By Chris Varias
The hip-hop insurgence reared its head at this year's Ozzfest, but the bands that played vintage hard rock held their ground at Riverbend Tuesday.
Of the 19 bands who performed during the 13-hour, two-stage festival, many, such as Methods of Mayhem, P.O.D. and Taproot, incorporated hip-hop elements such as turntables and rap vocals into their sound. However, three hard-rock stalwarts Pantera, Godsmack and Ozzy Osbourne topped the bill and most captivated the crowd.
Another band, Queens of the Stone Age, also played rap-free hard-rock and put on the second-best set to Mr. Osbourne's earlier in the day on the main stage.
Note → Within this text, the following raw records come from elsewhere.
lemma coimp_mem_prime_filter_iff:
  assumes P: "prime_filter A P" and ab: "a \<in> C" "b \<in> C"
  shows "coimp a b \<in> P \<longleftrightarrow> (\<exists>Q. (P, Q) \<in> S_A A \<and> a \<in> Q \<and> b \<notin> Q)"
proof
  show "coimp a b \<in> P" if "\<exists>Q. (P, Q) \<in> S_A A \<and> a \<in> Q \<and> b \<notin> Q"
    using that ab unfolding S_A_def by blast
  assume "coimp a b \<in> P"
  then obtain Q where Q: "prime_filter A Q" "a \<in> Q" "b \<notin> Q"
    and closed: "\<forall>x\<in>Q. \<forall>y\<in>C. coimp x y \<notin> P \<longrightarrow> y \<in> Q"
    using compatible_preorder.prime_filter_extension[OF compatible_preorder_coimp[OF P] ab] by blast
  have "(P, Q) \<in> S_A A"
    unfolding S_A_def Xp_def using P Q(1) closed by blast
  with Q show "\<exists>Q. (P, Q) \<in> S_A A \<and> a \<in> Q \<and> b \<notin> Q" by blast
qed

lemma stone_imp:
  assumes "a \<in> C" "b \<in> C"
  shows "stone (imp a b) = impR A (stone a) (stone b)"
proof -
  have "(P, Q) \<in> R_A A \<Longrightarrow> Q \<in> Xp A" for P Q unfolding R_A_def by blast
  then show ?thesis
    using imp_mem_prime_filter_iff[OF _ assms] unfolding stone_def impR_def Xp_def by fastforce
qed

lemma stone_coimp:
  assumes "a \<in> C" "b \<in> C"
  shows "stone (coimp a b) = coimpS A (stone a) (stone b)"
proof -
  have "(P, Q) \<in> S_A A \<Longrightarrow> Q \<in> Xp A" for P Q unfolding S_A_def by blast
  then show ?thesis
    using coimp_mem_prime_filter_iff[OF _ assms] unfolding stone_def coimpS_def Xp_def by fastforce
qed

lemma embeds_into_complex_stone: "embeds_into_complex A stone"
  unfolding embeds_into_complex_def
  using inj_on_stone stone_Up stone_bot stone_top stone_meet stone_join stone_imp stone_coimp
  by auto

end

theorem theorem4p10:
  fixes A :: "'a whb"
  assumes "whb_algebra A"
  shows "\<exists>h. embeds_into_complex A h"
proof -
  interpret whb_carrier A by unfold_locales (rule assms)
  show ?thesis using embeds_into_complex_stone by blast
qed

end
text \<open>The algorithm tracks a list of vertices; for each tracked vertex \<open>a\<close> it stores the colour
  of \<open>a\<close> once \<open>a\<close> has arrived and counts the monochromatic edges from \<open>a\<close> to vertices
  arriving after \<open>a\<close>. Charging every monochromatic edge to its earlier endpoint, these later
  monochromatic degrees are at most \<open>n\<close> and sum to \<open>|E_M|\<close>.

  If the sample size \<open>k = \<lceil>4n\<^sup>2/(\<epsilon>\<^sup>2T)\<rceil>\<close> is at least \<open>n\<close>, all vertices are tracked and
  the count is exact. Otherwise each of \<open>R = \<lceil>8 ln (n + 2)\<rceil>\<close> independent copies samples \<open>k\<close>
  vertices uniformly with replacement. The rescaled sum of their degrees is an unbiased
  estimate of \<open>|E_M|\<close> with variance at most \<open>n\<^sup>2|E_M|/k\<close>, so by Chebyshev it is
  \<open>\<epsilon>\<close>-accurate with probability at least \<open>3/4\<close>, and by Hoeffding the median of the copies
  fails with probability at most \<open>exp (-R/8) \<le> 1/n\<close>. The memory holds \<open>1 + 3n\<close> words in the
  first case and \<open>1 + 3Rk\<close> words in the second; both are \<open>O(log n \<epsilon>\<^sup>-\<^sup>2 min(n, n\<^sup>2/T))\<close>
  because \<open>T \<le> |E_M| \<le> n\<^sup>2\<close>.\<close>

fun fold_trace :: "('s \<Rightarrow> 'i \<Rightarrow> 's) \<Rightarrow> 's \<Rightarrow> 'i list \<Rightarrow> 's list" where
  "fold_trace F s [] = [s]"
| "fold_trace F s (x # xs) = s # fold_trace F (F s x) xs"

lemma va_run_return_pmf:
  "va_run (\<lambda>s x. return_pmf (F s x)) s xs = return_pmf (fold_trace F s xs)"
  by (induction xs arbitrary: s) (auto simp: bind_return_pmf)

lemma fold_trace_ne_Nil [simp]: "fold_trace F s xs \<noteq> []"
  by (cases xs) auto

lemma last_fold_trace: "last (fold_trace F s xs) = foldl F s xs"
  by (induction xs arbitrary: s) auto

lemma start_in_fold_trace: "s \<in> set (fold_trace F s xs)"
  by (cases xs) auto

lemma fold_trace_map:
  assumes "\<And>s x. G (h s) x = h (F s x)"
  shows "fold_trace G (h s) xs = map h (fold_trace F s xs)"
  by (induction xs arbitrary: s) (simp_all add: assms)

lemma fold_trace_invariant:
  assumes "P s" and "\<And>t x. P t \<Longrightarrow> x \<in> set xs \<Longrightarrow> P (F t x)"
  shows "\<forall>t\<in>set (fold_trace F s xs). P t"
  using assms by (induction xs arbitrary: s) auto

type_synonym tracker = "nat \<times> nat \<times> nat"
type_synonym counter_state = "nat \<times> tracker list"

definition encode_state :: "counter_state \<Rightarrow> nat list" where
  "encode_state st = fst st # concat (map (\<lambda>(a, b, c). [a, b, c]) (snd st))"

fun triples :: "nat list \<Rightarrow> tracker list" where
  "triples (a # b # c # ws) = (a, b, c) # triples ws"
| "triples _ = []"

fun decode_state :: "nat list \<Rightarrow> counter_state" where
  "decode_state (w # ws) = (w, triples ws)"
| "decode_state [] = (0, [])"

lemma decode_encode_state [simp]: "decode_state (encode_state st) = st"
proof -
  have "triples (concat (map (\<lambda>(a, b, c). [a, b, c]) ts)) = ts" for ts
    by (induction ts) auto
  then show ?thesis
    by (simp add: encode_state_def)
qed
section \<open>Sections at lassos\<close>

text \<open>A pair (state, lasso position) is coded as one natural number, because DPA states are
  natural numbers.\<close>

lemma omega_regular_dpa_lasso_section:
  assumes "i < j" and Q: "finite Q" "q0 \<in> Q" "\<forall>q\<in>Q. \<forall>c. delta q c \<in> Q"
  shows "omega_regular {y. dpa_accepts q0 delta col (\<lambda>n. h (u (lasso i j n)) (y n))}"
proof -
  define delta' where "delta' s a =
    (case prod_decode s of (q, p) \<Rightarrow> prod_encode (delta q (h (u p) a), if Suc p < j then Suc p else i))"
    for s a
  define col' where "col' s = col (fst (prod_decode s))" for s
  have run: "dpa_run (prod_encode (q0, 0)) delta' y t =
    prod_encode (dpa_run q0 delta (\<lambda>n. h (u (lasso i j n)) (y n)) t, lasso i j t)" for y t
    by (induction t) (simp_all add: delta'_def lasso_0 lasso_Suc \<open>i < j\<close>)
  have "{y. dpa_accepts q0 delta col (\<lambda>n. h (u (lasso i j n)) (y n))} =
    {y. dpa_accepts (prod_encode (q0, 0)) delta' col' y}"
    by (simp add: dpa_accepts_def col'_def run)
  also have "omega_regular \<dots>"
  proof (rule omega_regular_dpa_language)
    let ?Q = "prod_encode ` (Q \<times> {..<j})"
    show "finite ?Q" using Q(1) by simp
    show "prod_encode (q0, 0) \<in> ?Q" using Q(2) \<open>i < j\<close> by simp
    show "\<forall>s\<in>?Q. \<forall>c. delta' s c \<in> ?Q" using Q(3) \<open>i < j\<close> by (auto simp: delta'_def)
  qed
  finally show ?thesis .
qed
lemma AE_tendsto_along_squares:
  fixes S :: "nat \<Rightarrow> 'a \<Rightarrow> real"
  assumes [measurable]: "\<And>m. S m \<in> borel_measurable M"
    and square_integrable: "\<And>m. integrable M (\<lambda>\<omega>. (S m \<omega>)\<^sup>2)"
    and variance_le: "\<And>m. variance (S m) \<le> real m * V"
  shows "AE \<omega> in M. (\<lambda>k. (S (k\<^sup>2) \<omega> - expectation (S (k\<^sup>2))) / real (k\<^sup>2)) \<longlonglongrightarrow> 0"
proof -
  define D where "D k \<omega> = \<bar>S ((Suc k)\<^sup>2) \<omega> - expectation (S ((Suc k)\<^sup>2))\<bar> / real ((Suc k)\<^sup>2)" for k \<omega>
  define A where "A j k = {\<omega> \<in> space M. 1 / real (Suc j) \<le> D k \<omega>}" for j k
  have [measurable]: "A j k \<in> sets M" for j k
    unfolding A_def D_def by measurable
  have prob_A: "prob (A j k) \<le> V * (real (Suc j))\<^sup>2 * inverse (real ((Suc k)\<^sup>2))" for j k
  proof -
    have square_pos: "0 < real ((Suc k)\<^sup>2)" by simp
    have "A j k = {\<omega> \<in> space M. real ((Suc k)\<^sup>2) / real (Suc j) \<le> \<bar>S ((Suc k)\<^sup>2) \<omega> - expectation (S ((Suc k)\<^sup>2))\<bar>}"
      unfolding A_def D_def by (simp add: field_simps del: of_nat_Suc of_nat_power)
    also have "prob \<dots> \<le> variance (S ((Suc k)\<^sup>2)) / (real ((Suc k)\<^sup>2) / real (Suc j))\<^sup>2"
      by (rule Chebyshev_inequality) (simp_all add: square_integrable)
    also have "\<dots> \<le> real ((Suc k)\<^sup>2) * V / (real ((Suc k)\<^sup>2) / real (Suc j))\<^sup>2"
      by (intro divide_right_mono variance_le) simp
    also have "\<dots> = V * (real (Suc j))\<^sup>2 * inverse (real ((Suc k)\<^sup>2))"
      using square_pos by (simp add: power2_eq_square field_simps del: of_nat_power of_nat_Suc)
    finally show ?thesis .
  qed
  have "summable (\<lambda>k. prob (A j k))" for j
  proof (rule summable_comparison_test')
    have "summable (\<lambda>k. inverse (real ((Suc k)\<^sup>2)))"
      using summable_Suc_iff[THEN iffD2, OF inverse_power_summable[of 2]] by simp
    then show "summable (\<lambda>k. V * (real (Suc j))\<^sup>2 * inverse (real ((Suc k)\<^sup>2)))"
      by (rule summable_mult)
  qed (use prob_A in simp)
  then have "AE \<omega> in M. \<forall>j. eventually (\<lambda>k. \<omega> \<in> space M - A j k) sequentially"
    unfolding AE_all_countable by (intro allI borel_cantelli_AE1) (auto simp: less_top[symmetric])
  then show ?thesis
  proof (rule AE_mp, intro AE_I2 impI)
    fix \<omega> assume "\<omega> \<in> space M" and "\<forall>j. eventually (\<lambda>k. \<omega> \<in> space M - A j k) sequentially"
    then have "eventually (\<lambda>k. D k \<omega> < 1 / real (Suc j)) sequentially" for j
      unfolding A_def by (auto elim!: allE[of _ j] eventually_mono)
    then have "(\<lambda>k. D k \<omega>) \<longlonglongrightarrow> 0"
      by (rule LIMSEQ_zero_of_eventually_less_inverse[rotated]) (simp add: D_def)
    then have "(\<lambda>k. (S ((Suc k)\<^sup>2) \<omega> - expectation (S ((Suc k)\<^sup>2))) / real ((Suc k)\<^sup>2)) \<longlonglongrightarrow> 0"
      unfolding D_def by (subst tendsto_rabs_zero_iff[symmetric]) (simp add: abs_div)
    then show "(\<lambda>k. (S (k\<^sup>2) \<omega> - expectation (S (k\<^sup>2))) / real (k\<^sup>2)) \<longlonglongrightarrow> 0"
      by (rule LIMSEQ_imp_Suc)
  qed
qed
lemma connected_above_secant:
  assumes "connected T"
  shows "connected {(a, r). \<bar>a + c\<bar> < pi / 2 \<and> r - 1 / cos (a + c) \<in> T}"
proof -
  let ?f = "\<lambda>(b, t). (b - c, 1 / cos b + t)"
  have image: "{(a, r). \<bar>a + c\<bar> < pi / 2 \<and> r - 1 / cos (a + c) \<in> T} = ?f ` ({-(pi/2)<..<pi/2} \<times> T)"
  proof (intro equalityI subsetI)
    fix p assume "p \<in> {(a, r). \<bar>a + c\<bar> < pi / 2 \<and> r - 1 / cos (a + c) \<in> T}"
    then obtain a r where p: "p = (a, r)" "\<bar>a + c\<bar> < pi / 2" "r - 1 / cos (a + c) \<in> T"
      by blast
    then have "(a + c, r - 1 / cos (a + c)) \<in> {-(pi/2)<..<pi/2} \<times> T"
      by (simp only: abs_less_iff greaterThanLessThan_iff mem_Times_iff fst_conv snd_conv) auto
    moreover have "p = ?f (a + c, r - 1 / cos (a + c))" using p(1) by simp
    ultimately show "p \<in> ?f ` ({-(pi/2)<..<pi/2} \<times> T)" by (rule rev_image_eqI)
  qed (auto simp: abs_less_iff)
  have "continuous_on ({-(pi/2)<..<pi/2} \<times> T) ?f"
  proof -
    have "\<forall>b\<in>{-(pi/2)<..<pi/2}. cos b \<noteq> 0"
      using cos_gt_zero_pi by fastforce
    then show ?thesis
      unfolding case_prod_beta by (intro continuous_intros) auto
  qed
  moreover have "connected ({-(pi/2)<..<pi/2} \<times> T)"
    using assms by (simp add: connected_Times)
  ultimately show ?thesis
    unfolding image by (rule connected_continuous_image)
qed

lemma Sec_eq_eq_graph:
  "Sec_eq c = {(a, r). \<bar>a + c\<bar> < pi / 2 \<and> r - 1 / cos (a + c) \<in> {0}}"
  and Sec_ge_eq_graph:
  "Sec_ge c = {(a, r). \<bar>a + c\<bar> < pi / 2 \<and> r - 1 / cos (a + c) \<in> {0..}}"
  and Sec_gt_eq_graph:
  "Sec_gt c = {(a, r). \<bar>a + c\<bar> < pi / 2 \<and> r - 1 / cos (a + c) \<in> {0<..}}"
  unfolding Sec_eq_def Sec_ge_def Sec_gt_def
  by (auto simp: cos_pos_if_abs_less_pi_half cos_pos_if_abs_less_pi_half[THEN dual_order.strict_implies_not_eq]
      pos_divide_le_eq pos_divide_less_eq eq_divide_eq)

lemma connected_Sec_eq: "connected (Sec_eq c)"
  and connected_Sec_ge: "connected (Sec_ge c)"
  and connected_Sec_gt: "connected (Sec_gt c)"
  unfolding Sec_eq_eq_graph Sec_ge_eq_graph Sec_gt_eq_graph
  by (intro connected_above_secant; simp)+
(* The class of chain graphs is degree sandwich monotone; that is, for every chain graph $G$ and every set $F\subseteq E(G)$ such that $G-F$ is a chain graph, every degree-minimal edge $e$ in $F$ satisfies that $G-e$ is a chain graph.
   Context: A chain graph is a bipartite graph whose vertex set can be partitioned into two independent sets $X,Y$ such that the neighborhoods of the vertices of $X$ are linearly ordered by inclusion. Given a graph $G$ and $F\subseteq E(G)$, an edge $e\in F$ is degree-minimal in $F$ if its endpoints can be named $u,v$ so that (i) $u$ has the smallest degree in $G$ among all vertices incident to an edge of $F$, and (ii) $v$ has the smallest degree in $G$ among all vertices $w$ with $uw\in F$. *)

theory Defs
  imports Main
begin

definition graph :: "'a set \<Rightarrow> 'a set set \<Rightarrow> bool" where
  "graph V E \<longleftrightarrow> finite V \<and> (\<forall>e\<in>E. e \<subseteq> V \<and> card e = 2)"

definition nbhd :: "'a set set \<Rightarrow> 'a \<Rightarrow> 'a set" where
  "nbhd E v = {w. {v, w} \<in> E}"

definition degree :: "'a set set \<Rightarrow> 'a \<Rightarrow> nat" where
  "degree E v = card (nbhd E v)"

definition independent :: "'a set set \<Rightarrow> 'a set \<Rightarrow> bool" where
  "independent E S \<longleftrightarrow> (\<forall>e\<in>E. \<not> e \<subseteq> S)"

definition chain_graph :: "'a set \<Rightarrow> 'a set set \<Rightarrow> bool" where
  "chain_graph V E \<longleftrightarrow> graph V E \<and>
     (\<exists>X Y. X \<union> Y = V \<and> X \<inter> Y = {} \<and> independent E X \<and> independent E Y \<and>
        (\<forall>x1\<in>X. \<forall>x2\<in>X. nbhd E x1 \<subseteq> nbhd E x2 \<or> nbhd E x2 \<subseteq> nbhd E x1))"

definition degree_minimal :: "'a set set \<Rightarrow> 'a set set \<Rightarrow> 'a set \<Rightarrow> bool" where
  "degree_minimal E F e \<longleftrightarrow> e \<in> F \<and>
     (\<exists>u v. e = {u, v} \<and>
        (\<forall>f\<in>F. \<forall>w\<in>f. degree E u \<le> degree E w) \<and>
        (\<forall>w. {u, w} \<in> F \<longrightarrow> degree E v \<le> degree E w))"

end

theory Submission
  imports Defs
begin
The things that make Mr. Osbourne not only the archetypal heavy-metal performer, but the most enjoyable to watch, are a self-effacing sense of humor and an endless supply of great songs.
Most every metal vocalist sings with a growl and a scowl, as if trying to scare the viewer into liking him. It was common practice at Ozzfest. But not with the headliner.
He began the show with a funny video montage: Ozzy in The Sixth Sense (doing something vulgar); Ozzy in American Pie (ditto); Ozzy in a Britney Spears video (you get the idea).
Then the music came, an hour-and-20-minute set heavy on solo Ozzy. With a four-piece band backing behind him (including a keyboardist who played from the side of the stage out of sight), Ozzy sang his best-known solo material, including Crazy Train, Mr. Crowley, Suicide Solution, No More Tears and Mama, I'm Coming Home. From his Black Sabbath days he pulled Paranoid and War Pigs. No phony growling or scowling by the Oz his searing voice and bug eyes were spooky enough.
Queens of the Stone Age are one of today's finest rock bands, metal and otherwise. They put on a very good set, but this wasn't the time or place to take them in.
There was no Ozzfest show the previous day, but QOTSA didn't take the day off. They played a club date Monday night in Champaign, Ill., before their set Tuesday afternoon at 1:30.
Guitarist Josh Homme said he'd just awoken, and a couple of the guys greeted the day by drinking Coronas through their half-hour set. They managed seven songs, including three from their fantastic new album, Rated R. From that album they played the punk-paced Feel Good Hit of the Summer, and the more they chanted the song's only line nicotine Valium Vicodin marijuana ecstasy 'n' alcohol the more they seemed like the last hope for anyone looking for a good new metal band that doesn't rap.
We didn't bring the rap, we just brought the rock, bassist Nick Oliveri correctly stated. Nobody cheered. Everybody sat. It wasn't their crowd. Here's hoping they return to town for a longer club show.
Pantera was third best. The band was quieter than Godsmack, who preceded it, but better in every other way. Its music has no commercial sheen and its style doesn't evolve. It renders its metal dirty and basic, as metal should be. And Phil Anselmo's scream tops Sully Erna's Vedder-esque baritone any day.
As for the worst act on the day, the choices are many, but Tommy Lee's Methods of Mayhem deserves mention. It could be said his leaving Motley Crue was a poor career decision, but the way his new group hits upon every rap-metal cliche can only mean it's bound for commercial greatness.